The California Foreclosure Prevention Act (the "Act") was enacted by the state Legislature, and signed by Governor Arnold Schwarzenegger on February 20, 2009. The bill (ABX2 7) was established as Chapter 5 of the 2009-2010 statutes. The Act resulted from Governor Schwarzenegger's legislative proposal to stem foreclosures in California by incentivizing servicers to offer "comprehensive loan modification programs." Although limited to California, the Act could serve as a model for similar legislation by other states. We last reported on this bill in November 2008 at: http://www.mofo.com/news/updates/files/14857.html.

Mechanics

The Act, which amends the California Civil Code as it relates to residential mortgage loans, uses a "carrot and stick" approach to advance its stated goal of allowing "additional time for borrowers to work out loan modifications while providing an exemption for mortgage loan servicers that have implemented a comprehensive loan modification program."

The "stick" is a mandatory 90-day moratorium on home foreclosures applicable to certain first lien mortgages. New Civil Code Section 2923.52 will add 90 days to the existing 3-month statutory waiting period between the recording of the notice of default and the giving of the notice of sale. Loans that are covered by the new legislation must meet four conditions: (1) the loan must have been recorded during the January 1, 2003–January 1, 2008 (inclusive) period, and must be secured by residential real property; (2) the loan must be a first mortgage or deed of trust; (3) the borrower must have occupied the property as his/her principal residence at the time the loan became delinquent; and (4) a notice of default must have been recorded against the property.
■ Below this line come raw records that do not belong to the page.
(* Let $k\ge4$ be an integer. In each of the cases (C1) $\eta\in[\pi/k,\eta_k)$ and $j\in\{k+1,\dots,2k-3\}$, and (C2) $\eta\in[\eta_{k+1},\pi/k)$ and $j\in\{k+1,\dots,2k-1\}$, we have $z_j\in\mathrm{co}(\{0,z_{j-1},w_1,1\})$ and $w_j\in\mathrm{co}(\{1,w_{j-1},b_0,a\})$.
   Context: For $\eta\in(0,\pi/3)$ let $a=\frac{e^{-i\eta}}{2\cos\eta}$, $c=\frac{1}{1-|a|^4}$, and for integers $j\ge0$ put $z_j=ca^{j+1}$, $w_j=1-c|a|^2a^j$, $b_0=a+c|a|^4$. For integers $k\ge1$ let $\Phi_k(\eta)=(1-|a|^4)\sin((k-1)\eta)-|a|^3\sin((k-2)\eta)+|a|^k\sin\eta$; for each $k\ge4$, $\Phi_k$ has a unique zero in $(\pi/k,\pi/(k-1))$, denoted $\eta_k$. $\mathrm{co}$ denotes convex hull. *)

theory Defs
  imports "HOL-Analysis.Analysis"
begin

definition aa :: "real \<Rightarrow> complex" where
  "aa \<eta> = exp (- \<i> * complex_of_real \<eta>) / complex_of_real (2 * cos \<eta>)"

definition cc :: "real \<Rightarrow> real" where
  "cc \<eta> = 1 / (1 - cmod (aa \<eta>) ^ 4)"

definition zz :: "real \<Rightarrow> nat \<Rightarrow> complex" where
  "zz \<eta> j = complex_of_real (cc \<eta>) * aa \<eta> ^ (j + 1)"

definition ww :: "real \<Rightarrow> nat \<Rightarrow> complex" where
  "ww \<eta> j = 1 - complex_of_real (cc \<eta> * cmod (aa \<eta>) ^ 2) * aa \<eta> ^ j"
The "carrot" is an applied-for exception to the 90-day moratorium at new Civil Code Section 2923.53. Servicers may apply for an exemption order issued by the relevant "commissioner." The "commissioner" means the Commissioner of Corporations, the Commissioner of Financial Institutions, or the Real Estate Commissioner, as applicable. The law effectively provides that national banks, federal savings banks, and their respective operating subsidiaries will submit applications for exemption to the Commissioner of Corporations. Upon receipt of an "initial application" for exemption, the relevant commissioner "shall immediately notify the applicant of the date of receipt" and "shall issue a temporary order, effective from that date of receipt," exempting the servicer from the 90-day moratorium. The commissioner must make a final determination on an application within 30 days of receipt. If the commissioner concludes that the servicer has a comprehensive loan modification program, then the commissioner shall issue a final order of exemption. If the commissioner denies an application, the temporary order will remain in place for 30 days after the date of denial. Upon denial, the servicer may submit a revised application. The Act does not provide for the issuance of an additional temporary order upon receipt of the revised application. There is a process for revocation of final orders upon notice and a hearing, but a revocation will not be retroactive in effect.
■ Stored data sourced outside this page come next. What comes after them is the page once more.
lemma sandwiched_ideal_hull:
  assumes Q: "thick_ideal K Q" and I: "I \<subseteq> obj K" and J: "J \<subseteq> obj K"
    and IJ: "sandwiched Q I J"
  shows "sandwiched Q (ideal_hull I) (ideal_hull J)"
proof -
  have "ideal_hull J \<subseteq> {b \<in> obj K. sandwiched Q I {b}}"
  proof (rule ideal_hull_minimal[OF thick_ideal_right_sandwiched[OF Q I]])
    show "J \<subseteq> {b \<in> obj K. sandwiched Q I {b}}"
      using J IJ unfolding sandwiched_def by blast
  qed
  then have "sandwiched Q I (ideal_hull J)"
    unfolding sandwiched_def by blast
  then have "ideal_hull I \<subseteq> {a \<in> obj K. sandwiched Q {a} (ideal_hull J)}"
    using I by (intro ideal_hull_minimal[OF thick_ideal_left_sandwiched[OF Q ideal_hull_obj]])
      (auto simp: sandwiched_def)
  then show ?thesis
    unfolding sandwiched_def by blast
qed

lemma prime_idealD:
  assumes "prime_ideal K P"
  shows "thick_ideal K P" and "P \<noteq> obj K"
    and "thick_ideal K I \<Longrightarrow> thick_ideal K J \<Longrightarrow> \<forall>X \<in> I. \<forall>Y \<in> J. tensO K X Y \<in> P \<Longrightarrow>
      I \<subseteq> P \<or> J \<subseteq> P"
  using assms unfolding prime_ideal_def by blast+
The commissioner will issue an order only if the servicer evidences that it has implemented a "comprehensive loan modification program." To be "comprehensive," the loan modification program must have four key features. First, it must be intended to keep borrowers in their homes when the anticipated recovery under the loan modification "exceeds" the anticipated recovery through foreclosure on a "net present value basis." Second, the program "targets" a housing-related debt-to-gross-income ratio of 38% or less on an aggregate basis (i.e., based on all of the servicer's loans under the program; this ratio need not be achieved for each individual loan). Third, the program includes "some combination" of the following: (a) reducing the interest rate for at least five years; (b) extending the amortization period up to 40 years from the original date; (c) deferral of some unpaid principal until loan maturity; (d) reducing the principal; (e) compliance with a federally mandated loan modification program (note – the federal program must be mandated, not optional); and (f) "other factors" that the commissioner determines are appropriate. Fourth, the program seeks to achieve "long-term sustainability" (which is not a defined term) for the borrower. For the target 38% ratio, the borrower's housing-related debts include loan principal, interest, property taxes, certain housing-related insurance, and homeowner association fees.

A notice of sale is required to include a declaration from the servicer stating whether the servicer has obtained a temporary or final order of exemption from the commissioner, and whether the 90-day moratorium does not apply.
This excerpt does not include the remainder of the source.